The Court is also giving the defendants credit for $5,000 for the change order . . . which was agreed [to] in the law office. The reason I’m doing it is . . . because the cabinets were being approved. There were additions to it and I think [Mohns is] entitled to that credit because there was going to be an upgrade to the cabinets and they would have been responsible for it.
The Court is going to also . . . lower the damages by an additional $2,000 which I find is the additional value to the cabinets by the use of [higher-end counter] tops,[which Harley Paws agreed to with its replacement contractor]....
So the Court is—has come to the damages as follows: Twenty-eight nine fifty-eight eighty-two minus [$7,000] which comes to ... $21,958.82 ... plus costs plus statutory attorneys fees.

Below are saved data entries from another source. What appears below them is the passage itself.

lemma jump_exponent_nonneg: "0 \<le> jump_exponent \<xi>"
  unfolding jump_exponent_def by (intro Bochner_Integration.integral_nonneg jump_integrand_nonneg)

lemma jump_exponent_le: "jump_exponent \<xi> \<le> max 2 (norm \<xi> ^ 2) * (\<integral>z. min 1 (norm z ^ 2) * J z \<partial>lborel)"
proof -
  have "jump_exponent \<xi> \<le> (\<integral>y. max 2 (norm \<xi> ^ 2) * (min 1 (norm y ^ 2) * J y) \<partial>lborel)"
    unfolding jump_exponent_def using J_integrable
    by (intro Bochner_Integration.integral_mono integrable_jump_integrand jump_integrand_le) simp
  then show ?thesis by simp
qed

lemma jump_exponent_double_le: "jump_exponent (2 *\<^sub>R \<xi>) \<le> 4 * jump_exponent \<xi>"
proof -
  have "(1 - cos (2 *\<^sub>R \<xi> \<bullet> y)) * J y \<le> 4 * ((1 - cos (\<xi> \<bullet> y)) * J y)" for y
  proof (cases "y = 0")
    case False
    then show ?thesis
      using mult_right_mono[OF one_minus_cos_double_le[of "\<xi> \<bullet> y"] J_nonneg[OF False]] by (simp add: algebra_simps)
  qed simp
  then have "jump_exponent (2 *\<^sub>R \<xi>) \<le> (\<integral>y. 4 * ((1 - cos (\<xi> \<bullet> y)) * J y) \<partial>lborel)"
    unfolding jump_exponent_def
    by (intro Bochner_Integration.integral_mono integrable_jump_integrand integrable_mult_right)
  then show ?thesis
    by (simp add: jump_exponent_def)
qed

lemma jump_exponent_le_sum_axis:
  "jump_exponent x \<le> 2 ^ CARD('n) * (\<Sum>k\<in>UNIV. jump_exponent (axis k (x $ k)))"
proof -
  have "(1 - cos (x \<bullet> y)) * J y \<le> 2 ^ CARD('n) * (\<Sum>k\<in>UNIV. (1 - cos (axis k (x $ k) \<bullet> y)) * J y)" for y
  proof -
    have "1 - cos (x \<bullet> y) \<le> 2 ^ CARD('n) * (\<Sum>k\<in>UNIV. 1 - cos (axis k (x $ k) \<bullet> y))"
      using one_minus_cos_sum_le[of UNIV "\<lambda>k. x $ k * y $ k"] by (simp add: inner_vec_def[of x y] inner_axis')
    then show ?thesis
    proof (cases "y = 0")
      case False
      with mult_right_mono[OF \<open>1 - cos (x \<bullet> y) \<le> _\<close> J_nonneg[OF False]]
      show ?thesis by (simp add: sum_distrib_right mult.assoc)
    qed simp
  qed
  then have "jump_exponent x
      \<le> (\<integral>y. 2 ^ CARD('n) * (\<Sum>k\<in>UNIV. (1 - cos (axis k (x $ k) \<bullet> y)) * J y) \<partial>lborel)"
    unfolding jump_exponent_def
    by (intro Bochner_Integration.integral_mono integrable_jump_integrand integrable_mult_right
        Bochner_Integration.integrable_sum)
  then show ?thesis
    by (simp add: jump_exponent_def integrable_jump_integrand)
qed

lemma jump_exponent_axis_le:
  assumes c1: "c1 > 0" and c2: "c2 \<ge> 1"
    and J_comp: "\<And>y. y \<noteq> 0 \<Longrightarrow> j (norm y / c2) / c1 \<le> J y \<and> J y \<le> c1 * j (c2 * norm y)"
  shows "jump_exponent (axis k s) \<le> c1\<^sup>2 * jump_exponent (axis l (s / c2\<^sup>2))"
proof -
  define \<sigma> where "\<sigma> i = (if i = k then l else if i = l then k else i)" for i
  have \<sigma>: "bij \<sigma>"
    by (rule o_bij[of \<sigma>]) (auto simp: \<sigma>_def)
  define g where "g v = (1 - cos (axis l (s / c2\<^sup>2) \<bullet> v)) * J v" for v :: "real^'n"
  have [measurable]: "g \<in> borel_measurable borel"
    unfolding g_def by measurable
  define h where "h y = g (c2\<^sup>2 *\<^sub>R permute_coords \<sigma> y)" for y
  have c2sq: "c2\<^sup>2 \<noteq> 0"
    using c2 by simp
  have "(1 - cos (axis k s \<bullet> y)) * J y \<le> c1\<^sup>2 * h y" for y
  proof (cases "y = 0")
    case False
    have Jy: "J y \<le> c1\<^sup>2 * J (c2\<^sup>2 *\<^sub>R permute_coords \<sigma> y)"
      using comparable_density_le_rescaled[OF c1 _ J_comp False] c2 \<sigma> by (simp add: norm_permute_coords)
    have "axis l (s / c2\<^sup>2) \<bullet> (c2\<^sup>2 *\<^sub>R permute_coords \<sigma> y) = axis k s \<bullet> y"
      using c2sq by (simp add: inner_axis' \<sigma>_def)
    then show ?thesis
      using mult_left_mono[OF Jy, of "1 - cos (axis k s \<bullet> y)"] by (simp add: h_def g_def mult.left_commute)
  qed (simp add: h_def g_def)
  moreover have "integrable lborel h"
  proof -
    have "integrable lborel g"
      unfolding g_def by (rule integrable_jump_integrand)
    then have "integrable lborel (\<lambda>y. g (c2\<^sup>2 *\<^sub>R y))"
      by (simp add: integrable_lborel_scaleR_iff[OF c2sq])
    then show ?thesis
      unfolding h_def by (subst integrable_lborel_permute_coords_iff[OF \<sigma>]) auto
  qed
  ultimately have "jump_exponent (axis k s) \<le> (\<integral>y. c1\<^sup>2 * h y \<partial>lborel)"
    unfolding jump_exponent_def
    by (intro Bochner_Integration.integral_mono integrable_jump_integrand integrable_mult_right)
  also have "\<dots> = c1\<^sup>2 * integral\<^sup>L lborel h"
    by simp
  also have "\<dots> = c1\<^sup>2 * integral\<^sup>L lborel (\<lambda>y. g (c2\<^sup>2 *\<^sub>R y))"
    unfolding h_def by (subst integral_lborel_permute_coords[OF \<sigma>]) auto
  also have "\<dots> \<le> c1\<^sup>2 * (\<bar>c2\<^sup>2\<bar> ^ CARD('n) * integral\<^sup>L lborel (\<lambda>y. g (c2\<^sup>2 *\<^sub>R y)))"
  proof -
    have "0 \<le> integral\<^sup>L lborel (\<lambda>y. g (c2\<^sup>2 *\<^sub>R y))"
      unfolding g_def by (intro Bochner_Integration.integral_nonneg jump_integrand_nonneg)
    moreover have "1 \<le> \<bar>c2\<^sup>2\<bar> ^ CARD('n)"
      using c2 by (simp add: one_le_power)
    ultimately show ?thesis
      by (intro mult_left_mono) (auto simp: mult_le_cancel_right1)
  qed
  also have "\<dots> = c1\<^sup>2 * jump_exponent (axis l (s / c2\<^sup>2))"
    using integral_lborel_scaleR[OF c2sq, of g] by (simp add: jump_exponent_def g_def[abs_def])
  finally show ?thesis .
qed

lemma levy_exponent_eq: "levy_exponent A J \<xi> = \<xi> \<bullet> (A *v \<xi>) + jump_exponent \<xi>"
  by (simp add: levy_exponent_def jump_exponent_def)

lemma levy_exponent_nonneg:
  assumes "\<And>\<xi>. 0 \<le> \<xi> \<bullet> (A *v \<xi>)"
  shows "0 \<le> levy_exponent A J \<xi>"
  using assms[of \<xi>] jump_exponent_nonneg[of \<xi>] by (simp add: levy_exponent_eq)

lemma levy_exponent_double_le: "levy_exponent A J (2 *\<^sub>R \<xi>) \<le> 4 * levy_exponent A J \<xi>"
  using jump_exponent_double_le[of \<xi>]
  by (simp add: levy_exponent_eq matrix_vector_mult_scaleR algebra_simps)

lemma bdd_above_levy_exponent_cball: "bdd_above (levy_exponent A J ` cball 0 r)"
proof -
  obtain B where B: "\<And>x. norm (A *v x) \<le> norm x * B"
    using bounded_linear.bounded[OF matrix_vector_mul_bounded_linear] by blast
  define K where "K = (\<integral>z. min 1 (norm z ^ 2) * J z \<partial>lborel)"
  have "0 \<le> K"
    unfolding K_def
    by (intro Bochner_Integration.integral_nonneg, case_tac "x = 0") (auto intro!: mult_nonneg_nonneg J_nonneg)
  have "levy_exponent A J \<xi> \<le> r\<^sup>2 * \<bar>B\<bar> + max 2 (r\<^sup>2) * K" if "norm \<xi> \<le> r" for \<xi>
  proof -
    have sq: "norm \<xi> ^ 2 \<le> r\<^sup>2"
      using that by (intro power_mono) auto
    have "\<xi> \<bullet> (A *v \<xi>) \<le> norm \<xi> * (norm \<xi> * B)"
      using norm_cauchy_schwarz[of \<xi> "A *v \<xi>"] B[of \<xi>] by (meson mult_left_mono norm_ge_zero order_trans)
    also have "\<dots> \<le> norm \<xi> ^ 2 * \<bar>B\<bar>"
      by (simp add: power2_eq_square mult.assoc mult_left_mono)
    also have "\<dots> \<le> r\<^sup>2 * \<bar>B\<bar>"
      using sq by (intro mult_right_mono) auto
    finally have "\<xi> \<bullet> (A *v \<xi>) \<le> r\<^sup>2 * \<bar>B\<bar>" .
    moreover have "jump_exponent \<xi> \<le> max 2 (norm \<xi> ^ 2) * K"
      unfolding K_def by (rule jump_exponent_le)
    moreover have "max 2 (norm \<xi> ^ 2) * K \<le> max 2 (r\<^sup>2) * K"
      using sq \<open>0 \<le> K\<close> by (intro mult_right_mono) auto
    ultimately show ?thesis
      unfolding levy_exponent_eq by linarith
  qed
  then show ?thesis
    by (intro bdd_aboveI2) simp
qed

lemma levy_exponent_double_le_axis_bound:
  assumes A_nonneg: "\<And>\<xi>. 0 \<le> \<xi> \<bullet> (A *v \<xi>)"
    and A_comp: "\<And>y. a * norm y ^ 2 / c1 \<le> y \<bullet> (A *v y) \<and> y \<bullet> (A *v y) \<le> c1 * a * norm y ^ 2"
    and c1: "c1 > 0" and c2: "c2 \<ge> 1"
    and J_comp: "\<And>y. y \<noteq> 0 \<Longrightarrow> j (norm y / c2) / c1 \<le> J y \<and> J y \<le> c1 * j (c2 * norm y)"
    and bound: "\<And>s. \<bar>s\<bar> \<le> norm x \<Longrightarrow> levy_exponent A J (axis l s) \<le> M"
  shows "levy_exponent A J (2 *\<^sub>R x) \<le> 4 * c1\<^sup>2 * real (1 + 2 ^ CARD('n) * CARD('n)) * M"
proof -
  have jump_le: "jump_exponent (axis l s) \<le> M" if "\<bar>s\<bar> \<le> norm x" for s
    using bound[OF that] A_nonneg[of "axis l s"] by (simp add: levy_exponent_eq)
  have "x \<bullet> (A *v x) \<le> c1\<^sup>2 * (axis l (norm x) \<bullet> (A *v axis l (norm x)))"
    by (rule quadratic_form_le_axis[OF c1 A_comp])
  also have "\<dots> \<le> c1\<^sup>2 * M"
    using bound[of "norm x"] jump_exponent_nonneg[of "axis l (norm x)"]
    by (intro mult_left_mono) (auto simp: levy_exponent_eq)
  finally have quadratic: "x \<bullet> (A *v x) \<le> c1\<^sup>2 * M" .
  have "jump_exponent x \<le> 2 ^ CARD('n) * (\<Sum>k\<in>UNIV. jump_exponent (axis k (x $ k)))"
    by (rule jump_exponent_le_sum_axis)
  also have "\<dots> \<le> 2 ^ CARD('n) * (\<Sum>k\<in>(UNIV::'n set). c1\<^sup>2 * M)"
  proof (intro mult_left_mono sum_mono)
    fix k
    have "\<bar>x $ k / c2\<^sup>2\<bar> \<le> \<bar>x $ k\<bar>"
      using divide_left_mono[of 1 "c2\<^sup>2" "\<bar>x $ k\<bar>"] c2 by (simp add: abs_div one_le_power)
    also have "\<dots> \<le> norm x"
      by (rule component_le_norm_cart)
    finally have "jump_exponent (axis l (x $ k / c2\<^sup>2)) \<le> M"
      by (rule jump_le)
    then show "jump_exponent (axis k (x $ k)) \<le> c1\<^sup>2 * M"
      using jump_exponent_axis_le[OF c1 c2 J_comp, of k "x $ k" l] by (simp add: mult_left_mono order_trans)
  qed simp
  finally have jump: "jump_exponent x \<le> 2 ^ CARD('n) * CARD('n) * c1\<^sup>2 * M"
    by simp
  have "levy_exponent A J (2 *\<^sub>R x) \<le> 4 * (x \<bullet> (A *v x) + jump_exponent x)"
    using levy_exponent_double_le[of A x] by (simp add: levy_exponent_eq)
  also have "\<dots> \<le> 4 * c1\<^sup>2 * real (1 + 2 ^ CARD('n) * CARD('n)) * M"
    using quadratic jump by (simp add: algebra_simps)
  finally show ?thesis .
qed

end

lemma Psi1_star_axis: "Psi1_star \<Psi> r = Sup ((\<lambda>s. \<Psi> (axis last_idx s)) ` {-r<..<r})"
  by (simp add: Psi1_star_def axis_def)

lemma axis_le_Psi1_star:
  assumes bdd: "bdd_above (\<Psi> ` cball 0 r)" and s: "\<bar>s\<bar> < r"
  shows "\<Psi> (axis last_idx s) \<le> Psi1_star \<Psi> r"
  unfolding Psi1_star_axis
proof (rule cSup_upper)
  show "\<Psi> (axis last_idx s) \<in> (\<lambda>s. \<Psi> (axis last_idx s)) ` {-r<..<r}"
    using s by (intro imageI) (simp add: abs_less_iff)
  show "bdd_above ((\<lambda>s. \<Psi> (axis last_idx s)) ` {-r<..<r})"
    by (rule bdd_above_mono[OF bdd]) (auto simp: norm_axis)
qed

lemma Psi1_star_le_Psi_star:
  assumes bdd: "bdd_above (\<Psi> ` cball 0 r)" and r: "r > 0"
  shows "Psi1_star \<Psi> r \<le> Psi_star \<Psi> r"
  unfolding Psi1_star_axis Psi_star_def
  using r by (intro cSup_subset_mono bdd) (auto simp: norm_axis)

lemma Psi_star_le:
  assumes "r \<ge> 0" and "\<And>\<xi>. norm \<xi> \<le> r \<Longrightarrow> \<Psi> \<xi> \<le> B"
  shows "Psi_star \<Psi> r \<le> B"
  unfolding Psi_star_def using assms by (intro cSup_least) auto

lemma Psi1_star_nonneg:
  assumes "\<And>\<xi>. 0 \<le> \<Psi> \<xi>" and "bdd_above (\<Psi> ` cball 0 r)" and "r > 0"
  shows "0 \<le> Psi1_star \<Psi> r"
  using assms(1)[of "axis last_idx 0"] axis_le_Psi1_star[OF assms(2), of 0] assms(3) by simp

lemma Psi_star_levy_exponent_le:
  fixes J :: "(real, 'd::{finite,linorder}) vec \<Rightarrow> real"
  assumes "levy_density J"
    and A_nonneg: "\<And>\<xi>. 0 \<le> \<xi> \<bullet> (A *v \<xi>)"
    and A_comp: "\<And>y. a * norm y ^ 2 / c1 \<le> y \<bullet> (A *v y) \<and> y \<bullet> (A *v y) \<le> c1 * a * norm y ^ 2"
    and c1: "c1 > 0" and c2: "c2 \<ge> 1"
    and J_comp: "\<And>y. y \<noteq> 0 \<Longrightarrow> j (norm y / c2) / c1 \<le> J y \<and> J y \<le> c1 * j (c2 * norm y)"
    and r: "r > 0"
  shows "Psi_star (levy_exponent A J) r
    \<le> 4 * c1\<^sup>2 * real (1 + 2 ^ CARD('d) * CARD('d)) * Psi1_star (levy_exponent A J) r"
proof (rule Psi_star_le)
  interpret levy_density J by fact
  fix \<xi> :: "(real, 'd) vec"
  assume "norm \<xi> \<le> r"
  then have half: "norm ((1/2) *\<^sub>R \<xi>) < r"
    using r by simp
  have "levy_exponent A J (2 *\<^sub>R (1/2) *\<^sub>R \<xi>)
      \<le> 4 * c1\<^sup>2 * real (1 + 2 ^ CARD('d) * CARD('d)) * Psi1_star (levy_exponent A J) r"
  proof (rule levy_exponent_double_le_axis_bound[OF A_nonneg A_comp c1 c2 J_comp])
    fix s
    assume "\<bar>s\<bar> \<le> norm ((1/2) *\<^sub>R \<xi>)"
    then show "levy_exponent A J (axis last_idx s) \<le> Psi1_star (levy_exponent A J) r"
      using half by (intro axis_le_Psi1_star bdd_above_levy_exponent_cball) simp
  qed
  then show "levy_exponent A J \<xi> \<le> 4 * c1\<^sup>2 * real (1 + 2 ^ CARD('d) * CARD('d)) * Psi1_star (levy_exponent A J) r"
    by simp
qed (use r in simp)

¶17 The trial court examined the exhibits and heard testimony concerning the costs to complete the job in the limited time remaining before the grand opening. Canceled checks, showing the amount paid to complete the contract, were also submitted and examined by the court. The trial court reduced some of the costs, concluding that $5,000 should be credited to Mohns for the change order to upgrade the cabinetry. In addition, the court concluded that the subsequent cabinetry maker’s use of Surrell counter tops, in lieu of the originally contracted-for Laminate counter tops, required a $2,000-reduction as well.
¶18 Thus, the record reflects the trial court’s careful consideration of the evidence of damages. We see nothing to establish that the court’s findings were erroneous or to suggest that the trial court’s damage award is either arbitrary or excessive.
By the Court.—Judgment affirmed.
This opinion will not be published. See Wis. Stat. Rule 809.23(1)(b)5.
[1] Because we conclude that Mohns breached the contract, thus justifying Harley Paws’ termination of the contract, we need not address Mohns’ counterclaim for wrongful termination of contract. See Gross v. Hoffman, 227 Wis. 296, 300, 277 N.W. 633 (1938) (only dispositive issue need be addressed).